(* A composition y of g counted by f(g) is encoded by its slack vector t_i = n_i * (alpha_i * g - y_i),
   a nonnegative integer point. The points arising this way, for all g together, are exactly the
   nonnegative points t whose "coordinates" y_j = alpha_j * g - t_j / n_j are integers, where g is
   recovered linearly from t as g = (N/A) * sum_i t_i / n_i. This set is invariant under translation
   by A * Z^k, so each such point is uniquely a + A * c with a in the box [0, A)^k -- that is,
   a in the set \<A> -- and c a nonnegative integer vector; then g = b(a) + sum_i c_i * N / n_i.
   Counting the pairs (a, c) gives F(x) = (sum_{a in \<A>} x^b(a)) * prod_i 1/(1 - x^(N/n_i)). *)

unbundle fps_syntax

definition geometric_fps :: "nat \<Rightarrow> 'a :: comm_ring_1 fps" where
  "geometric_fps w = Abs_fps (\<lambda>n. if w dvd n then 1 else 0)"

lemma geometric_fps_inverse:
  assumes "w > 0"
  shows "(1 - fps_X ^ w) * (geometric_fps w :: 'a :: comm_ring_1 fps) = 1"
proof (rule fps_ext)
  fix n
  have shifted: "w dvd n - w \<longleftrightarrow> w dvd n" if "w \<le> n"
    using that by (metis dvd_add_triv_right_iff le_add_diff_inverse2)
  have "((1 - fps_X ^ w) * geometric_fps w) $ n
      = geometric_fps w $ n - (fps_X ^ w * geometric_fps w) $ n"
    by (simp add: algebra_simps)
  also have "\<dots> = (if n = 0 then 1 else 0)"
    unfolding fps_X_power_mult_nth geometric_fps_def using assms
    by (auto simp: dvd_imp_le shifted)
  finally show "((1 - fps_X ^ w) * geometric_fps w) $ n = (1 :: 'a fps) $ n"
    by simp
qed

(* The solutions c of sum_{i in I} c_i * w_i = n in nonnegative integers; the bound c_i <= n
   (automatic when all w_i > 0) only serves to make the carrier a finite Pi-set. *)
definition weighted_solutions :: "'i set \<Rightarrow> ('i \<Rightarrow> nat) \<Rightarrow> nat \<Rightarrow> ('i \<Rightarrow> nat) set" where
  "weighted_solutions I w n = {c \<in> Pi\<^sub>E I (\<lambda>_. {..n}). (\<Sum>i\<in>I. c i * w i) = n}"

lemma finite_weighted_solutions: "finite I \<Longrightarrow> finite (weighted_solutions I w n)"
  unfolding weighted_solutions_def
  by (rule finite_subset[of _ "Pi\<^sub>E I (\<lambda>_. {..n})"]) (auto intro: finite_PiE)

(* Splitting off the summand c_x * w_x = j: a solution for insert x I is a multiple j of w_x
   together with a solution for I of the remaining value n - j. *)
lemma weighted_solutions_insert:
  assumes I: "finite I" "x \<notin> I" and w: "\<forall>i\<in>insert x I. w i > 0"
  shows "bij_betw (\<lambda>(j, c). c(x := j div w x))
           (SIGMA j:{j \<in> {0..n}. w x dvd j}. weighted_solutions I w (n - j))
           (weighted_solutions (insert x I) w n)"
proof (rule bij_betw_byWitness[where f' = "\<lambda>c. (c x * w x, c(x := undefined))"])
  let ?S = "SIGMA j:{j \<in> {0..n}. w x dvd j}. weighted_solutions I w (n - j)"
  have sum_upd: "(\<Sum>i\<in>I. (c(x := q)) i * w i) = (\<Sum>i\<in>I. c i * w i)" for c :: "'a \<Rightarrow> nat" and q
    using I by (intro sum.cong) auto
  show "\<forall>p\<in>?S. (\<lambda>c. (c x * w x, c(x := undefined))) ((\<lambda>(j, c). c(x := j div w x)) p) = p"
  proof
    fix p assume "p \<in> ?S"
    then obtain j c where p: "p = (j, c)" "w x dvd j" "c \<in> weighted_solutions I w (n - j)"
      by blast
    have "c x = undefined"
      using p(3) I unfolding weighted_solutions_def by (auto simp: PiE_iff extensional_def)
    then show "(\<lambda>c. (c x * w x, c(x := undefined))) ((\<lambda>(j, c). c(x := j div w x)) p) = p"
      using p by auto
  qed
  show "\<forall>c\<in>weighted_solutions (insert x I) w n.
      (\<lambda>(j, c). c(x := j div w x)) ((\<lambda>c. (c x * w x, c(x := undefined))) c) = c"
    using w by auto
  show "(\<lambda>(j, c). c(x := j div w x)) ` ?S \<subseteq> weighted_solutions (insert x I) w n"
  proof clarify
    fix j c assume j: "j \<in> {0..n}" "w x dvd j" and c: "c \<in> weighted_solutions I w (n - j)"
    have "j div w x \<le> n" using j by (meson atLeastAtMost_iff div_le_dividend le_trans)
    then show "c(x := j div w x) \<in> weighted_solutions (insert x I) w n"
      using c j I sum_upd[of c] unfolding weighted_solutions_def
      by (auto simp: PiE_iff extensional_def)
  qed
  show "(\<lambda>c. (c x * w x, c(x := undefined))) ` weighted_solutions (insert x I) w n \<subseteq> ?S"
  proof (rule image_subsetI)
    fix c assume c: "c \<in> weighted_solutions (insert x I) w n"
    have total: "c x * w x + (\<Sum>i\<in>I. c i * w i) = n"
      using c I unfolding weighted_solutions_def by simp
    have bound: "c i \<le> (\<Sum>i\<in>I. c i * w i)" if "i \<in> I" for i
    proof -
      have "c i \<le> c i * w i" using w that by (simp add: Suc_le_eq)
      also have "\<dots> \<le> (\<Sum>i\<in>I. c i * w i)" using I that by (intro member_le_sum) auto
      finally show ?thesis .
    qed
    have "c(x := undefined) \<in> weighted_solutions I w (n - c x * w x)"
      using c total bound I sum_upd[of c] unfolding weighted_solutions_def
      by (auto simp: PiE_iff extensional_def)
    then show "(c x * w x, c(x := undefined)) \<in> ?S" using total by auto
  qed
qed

*EXERCISE OBJECTIVE*: Print the line that contains "using c total", then every later line of the entries above up to and including the last, all exactly as written.

*SOLUTION*:
      using c total bound I sum_upd[of c] unfolding weighted_solutions_def
      by (auto simp: PiE_iff extensional_def)
    then show "(c x * w x, c(x := undefined)) \<in> ?S" using total by auto
  qed
qed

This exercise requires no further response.